[7/9] ptrace: forbid ptrace checks against current_cred() from VFS context
diff mbox

Message ID 1474211117-16674-8-git-send-email-jann@thejh.net
State New
Headers show

Commit Message

Jann Horn Sept. 18, 2016, 3:05 p.m. UTC
This ensures that VFS implementations don't call ptrace_may_access() from
VFS read or write handlers. In order for file descriptor passing to have
its intended security properties, VFS read/write handlers must not do any
kind of privilege checking.

Signed-off-by: Jann Horn <jann@thejh.net>
---
 fs/aio.c              |  2 ++
 fs/read_write.c       | 12 ++++++++++++
 fs/splice.c           | 12 ++++++++++--
 include/linux/sched.h |  4 ++++
 kernel/ptrace.c       |  7 +++++++
 5 files changed, 35 insertions(+), 2 deletions(-)

Comments

Ben Hutchings Sept. 18, 2016, 6:38 p.m. UTC | #1
On Sun, Sep 18, 2016 at 05:05:15PM +0200, Jann Horn wrote:
> This ensures that VFS implementations don't call ptrace_may_access() from
> VFS read or write handlers. In order for file descriptor passing to have
> its intended security properties, VFS read/write handlers must not do any
> kind of privilege checking.
[...]
> --- a/kernel/ptrace.c
> +++ b/kernel/ptrace.c
> @@ -302,6 +302,13 @@ ok:
>  bool ptrace_may_access(struct task_struct *task, unsigned int mode)
>  {
>  	int err;
> +
> +	/* If you have to check for ptrace access from a VFS method, use
> +	 * ptrace_may_access_noncurrent() instead.
> +	 */
> +	if (WARN_ON(current->in_unprivileged_vfs != 0))

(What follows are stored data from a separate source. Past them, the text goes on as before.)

(* Let $A$ be an archimedean $*$-algebra, $x\in A_+$, and $\bar x$ its image in $C^*(A)$. Then $\bar x$ is invertible in $C^*(A)$ if and only if there exists a positive rational $\alpha$ with $x-\alpha\in A_+$.
   Context: A $*$-algebra is a unital algebra over $\mathbb{Q}$ with a $\mathbb{Q}$-linear involution $x\mapsto x^*$ satisfying $(xy)^*=y^*x^*$; rational scalars are identified with multiples of the unit. $A_+=\{\sum_{i=1}^n x_i^*x_i: n\in\mathbb{N},x_i\in A\}$, and $x\leq y$ means $y-x\in A_+$. For $x\in A$, $\|x\|=\sqrt{\inf\{\alpha\in\mathbb{Q}_{>0}: x^*x\leq\alpha\}}\in[0,\infty]$; $A_i=\{x:\|x\|=0\}$. $A$ is archimedean if $-1\notin A_+$ and $\|x\|<\infty$ for all $x$. $C^*(A)=\mathbb{C}\otimes_{\mathbb{R}}C^*_{\mathbb{R}}(A)$, where $C^*_{\mathbb{R}}(A)$ is the completion of $A/A_i$ with respect to the norm induced by $\|\cdot\|$. *)

theory Defs
  imports Complex_Main "HOL-Library.Extended_Real"
begin

text \<open>The rational alpha is identified with sm alpha 1.\<close>

definition star_alg :: "(rat \<Rightarrow> 'a::ring_1 \<Rightarrow> 'a) \<Rightarrow> ('a \<Rightarrow> 'a) \<Rightarrow> bool" where
  "star_alg sm st \<longleftrightarrow>
     (\<forall>a x y. sm a (x + y) = sm a x + sm a y) \<and>
     (\<forall>a b x. sm (a + b) x = sm a x + sm b x) \<and>
     (\<forall>a b x. sm (a * b) x = sm a (sm b x)) \<and>
     (\<forall>x. sm 1 x = x) \<and>
     (\<forall>a x y. sm a (x * y) = sm a x * y) \<and>
     (\<forall>a x y. sm a (x * y) = x * sm a y) \<and>
     (\<forall>x y. st (x + y) = st x + st y) \<and>
     (\<forall>a x. st (sm a x) = sm a (st x)) \<and>
     (\<forall>x. st (st x) = x) \<and>
     (\<forall>x y. st (x * y) = st y * st x)"

definition sa_pos :: "('a \<Rightarrow> 'a) \<Rightarrow> 'a::ring_1 \<Rightarrow> bool" where
  "sa_pos st x \<longleftrightarrow> (\<exists>xs :: 'a list. x = sum_list (map (\<lambda>y. st y * y) xs))"

definition sa_le :: "('a \<Rightarrow> 'a) \<Rightarrow> 'a::ring_1 \<Rightarrow> 'a \<Rightarrow> bool" where
  "sa_le st x y \<longleftrightarrow> sa_pos st (y - x)"

definition sa_normsq :: "(rat \<Rightarrow> 'a \<Rightarrow> 'a) \<Rightarrow> ('a \<Rightarrow> 'a) \<Rightarrow> 'a::ring_1 \<Rightarrow> ereal" where
  "sa_normsq sm st x = Inf {ereal (real_of_rat \<alpha>) | \<alpha>. \<alpha> > 0 \<and> sa_le st (st x * x) (sm \<alpha> 1)}"

definition sa_archimedean :: "(rat \<Rightarrow> 'a::ring_1 \<Rightarrow> 'a) \<Rightarrow> ('a \<Rightarrow> 'a) \<Rightarrow> bool" where
  "sa_archimedean sm st \<longleftrightarrow> \<not> sa_pos st (-(1::'a)) \<and> (\<forall>x::'a. sa_normsq sm st x < \<infinity>)"

text \<open>The norm ||x|| (as a real number; it is finite for archimedean A, which is
  the only situation in which it is used below).\<close>
definition sa_norm :: "(rat \<Rightarrow> 'a \<Rightarrow> 'a) \<Rightarrow> ('a \<Rightarrow> 'a) \<Rightarrow> 'a::ring_1 \<Rightarrow> real" where
  "sa_norm sm st x = sqrt (real_of_ereal (sa_normsq sm st x))"

text \<open>Cauchy sequences in A w.r.t. the (semi)norm: representatives of elements of
  C^*_R(A), the completion of A/A_i.\<close>
definition sa_cauchy :: "(rat \<Rightarrow> 'a \<Rightarrow> 'a) \<Rightarrow> ('a \<Rightarrow> 'a) \<Rightarrow> (nat \<Rightarrow> 'a::ring_1) \<Rightarrow> bool" where
  "sa_cauchy sm st u \<longleftrightarrow>
     (\<forall>e>0. \<exists>N. \<forall>m\<ge>N. \<forall>n\<ge>N. sa_norm sm st (u m - u n) < e)"

text \<open>Invertibility of the image of x in C^*(A) = C \<otimes>_R C^*_R(A), unfolded:
  an element of C^*(A) is a + i b with a, b in C^*_R(A), represented by Cauchy
  sequences; the image of x is [const x] + i 0, the unit is [const 1] + i 0;
  products are computed termwise, and two classes agree iff the norm of the
  difference of representatives tends to 0. So x-bar is invertible iff there
  are a, b in C^*_R(A) with x a = 1, x b = 0, a x = 1, b x = 0.\<close>
definition cstar_invertible :: "(rat \<Rightarrow> 'a \<Rightarrow> 'a) \<Rightarrow> ('a \<Rightarrow> 'a) \<Rightarrow> 'a::ring_1 \<Rightarrow> bool" where
  "cstar_invertible sm st x \<longleftrightarrow>
     (\<exists>a b :: nat \<Rightarrow> 'a. sa_cauchy sm st a \<and> sa_cauchy sm st b \<and>
        (\<lambda>n. sa_norm sm st (x * a n - 1)) \<longlonglongrightarrow> 0 \<and>
        (\<lambda>n. sa_norm sm st (a n * x - 1)) \<longlonglongrightarrow> 0 \<and>
        (\<lambda>n. sa_norm sm st (x * b n)) \<longlonglongrightarrow> 0 \<and>
        (\<lambda>n. sa_norm sm st (b n * x)) \<longlonglongrightarrow> 0)"

end

theory Submission
  imports Defs
begin

text \<open>If \<open>x\<close> is invertible in \<open>C\<^sup>*(A)\<close>, some \<open>b \<in> A\<close> satisfies \<open>\<parallel>b x - 1\<parallel> < 1/2\<close>, which forces
  \<open>(b x)\<^sup>* (b x) \<ge> 1/4\<close>; as \<open>x b\<^sup>* b x \<le> K x\<^sup>2\<close>, the square \<open>x\<^sup>2\<close> is bounded below by a positive
  rational, and so is \<open>x\<close>. Conversely, if \<open>\<alpha> \<le> x \<le> L\<close>, then \<open>x = L (1 - y)\<close> with
  \<open>0 \<le> y \<le> 1 - \<alpha>/L < 1\<close>, so \<open>\<parallel>y\<^sup>n\<parallel>\<close> decays geometrically and the Neumann series inverts \<open>x\<close>.\<close>

lemma geometric_tail_le:
  fixes r :: "'a::linordered_field"
  assumes "0 \<le> r" "r < 1" "n \<le> m"
  shows "(\<Sum>k\<in>{n..<m}. r ^ k) \<le> r ^ n / (1 - r)"
proof -
  have "(\<Sum>k\<in>{n..<m}. r ^ k) = (\<Sum>k<m. r ^ k) - (\<Sum>k<n. r ^ k)"
    using sum.atLeastLessThan_concat[of 0 n m "\<lambda>k. r ^ k"] assms(3)
    by (simp add: atLeast0LessThan)
  also have "\<dots> = (r ^ n - r ^ m) / (1 - r)"
    using assms(2) by (simp add: sum_gp_strict diff_divide_distrib)
  also have "\<dots> \<le> r ^ n / (1 - r)"
    using assms(1,2) by (simp add: divide_right_mono)
  finally show ?thesis .
qed

locale star_algebra =
  fixes sm :: "rat \<Rightarrow> 'a::ring_1 \<Rightarrow> 'a" and st :: "'a \<Rightarrow> 'a"
  assumes star_alg: "star_alg sm st"
begin

lemma sm_add: "sm a (x + y) = sm a x + sm a y"
  and sm_add_scalar: "sm (a + b) x = sm a x + sm b x"
  and sm_mult_scalar: "sm (a * b) x = sm a (sm b x)"
  and sm_one_scalar: "sm 1 x = x"
  and sm_mult_left: "sm a (x * y) = sm a x * y"
  and sm_mult_right: "sm a (x * y) = x * sm a y"
  and st_add: "st (x + y) = st x + st y"
  and st_sm: "st (sm a x) = sm a (st x)"
  and st_st: "st (st x) = x"
  and st_mult: "st (x * y) = st y * st x"
  by (insert star_alg[unfolded star_alg_def]) (elim conjE; metis)+

lemma sm_zero_scalar: "sm 0 x = 0"
  using sm_add_scalar[of 0 0 x] by simp

lemma sm_zero: "sm a 0 = 0"
  using sm_add[of a 0 0] by simp

lemma sm_diff: "sm a (x - y) = sm a x - sm a y"
  using sm_add[of a "x - y" y] by (simp add: eq_diff_eq)

lemma sm_diff_scalar: "sm (a - b) x = sm a x - sm b x"
  using sm_add_scalar[of "a - b" b x] by (simp add: eq_diff_eq)

lemma sm_inverse_cancel: "g \<noteq> 0 \<Longrightarrow> sm (1 / g) (sm g w) = w"
  by (simp add: sm_mult_scalar[symmetric] sm_one_scalar)

lemma sm_of_nat_scalar: "sm (of_nat n) x = of_nat n * x"
  by (induction n) (simp_all add: sm_zero_scalar sm_add_scalar sm_one_scalar distrib_right)

lemma sm_eq_mult_const: "sm a x = x * sm a 1"
  using sm_mult_right[of a x 1] by simp

lemma const_commute: "sm a 1 * x = x * sm a 1"
proof -
  have "sm a 1 * x = sm a x"
    using sm_mult_left[of a 1 x] by simp
  also have "\<dots> = x * sm a 1"
    by (rule sm_eq_mult_const)
  finally show ?thesis .
qed

lemma st_zero: "st 0 = 0"
  using st_add[of 0 0] by simp

lemma st_diff: "st (x - y) = st x - st y"
  using st_add[of "x - y" y] by (simp add: eq_diff_eq)

lemma st_one: "st 1 = 1"
  using st_mult[of "st 1" 1] st_st by simp

lemma st_sum_list: "st (sum_list xs) = sum_list (map st xs)"
  by (induction xs) (simp_all add: st_zero st_add)

lemma st_power: "st y = y \<Longrightarrow> st (y ^ k) = y ^ k"
  by (induction k) (simp_all add: st_one st_mult power_commutes)

lemma sum_sm_scalar: "(\<Sum>k\<in>A. sm (g k) w) = sm (sum g A) w"
  by (induction A rule: infinite_finite_induct) (auto simp: sm_zero_scalar sm_add_scalar)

Shouldn't this be WARN_ON_ONCE(), so that any such bug can't e used
to spam the log?

Ben.

> +		return false;
> +
>  	task_lock(task);
>  	err = __ptrace_may_access(task, mode, current_cred(),
>  				  &current->self_privunit_id);
Jann Horn Sept. 18, 2016, 6:40 p.m. UTC | #2
On Sun, Sep 18, 2016 at 07:38:48PM +0100, Ben Hutchings wrote:
> On Sun, Sep 18, 2016 at 05:05:15PM +0200, Jann Horn wrote:
> > This ensures that VFS implementations don't call ptrace_may_access() from
> > VFS read or write handlers. In order for file descriptor passing to have
> > its intended security properties, VFS read/write handlers must not do any
> > kind of privilege checking.
> [...]
> > --- a/kernel/ptrace.c
> > +++ b/kernel/ptrace.c
> > @@ -302,6 +302,13 @@ ok:
> >  bool ptrace_may_access(struct task_struct *task, unsigned int mode)
> >  {
> >  	int err;
> > +
> > +	/* If you have to check for ptrace access from a VFS method, use
> > +	 * ptrace_may_access_noncurrent() instead.
> > +	 */
> > +	if (WARN_ON(current->in_unprivileged_vfs != 0))
> 
> Shouldn't this be WARN_ON_ONCE(), so that any such bug can't e used
> to spam the log?

Hm, makes sense. I'll change it in v2.
Andy Lutomirski Sept. 18, 2016, 7:57 p.m. UTC | #3
On Sep 18, 2016 5:05 AM, "Jann Horn" <jann@thejh.net> wrote:
>
> This ensures that VFS implementations don't call ptrace_may_access() from
> VFS read or write handlers. In order for file descriptor passing to have
> its intended security properties, VFS read/write handlers must not do any
> kind of privilege checking.
>

Ooh, nifty!  Can you warn about capable() too?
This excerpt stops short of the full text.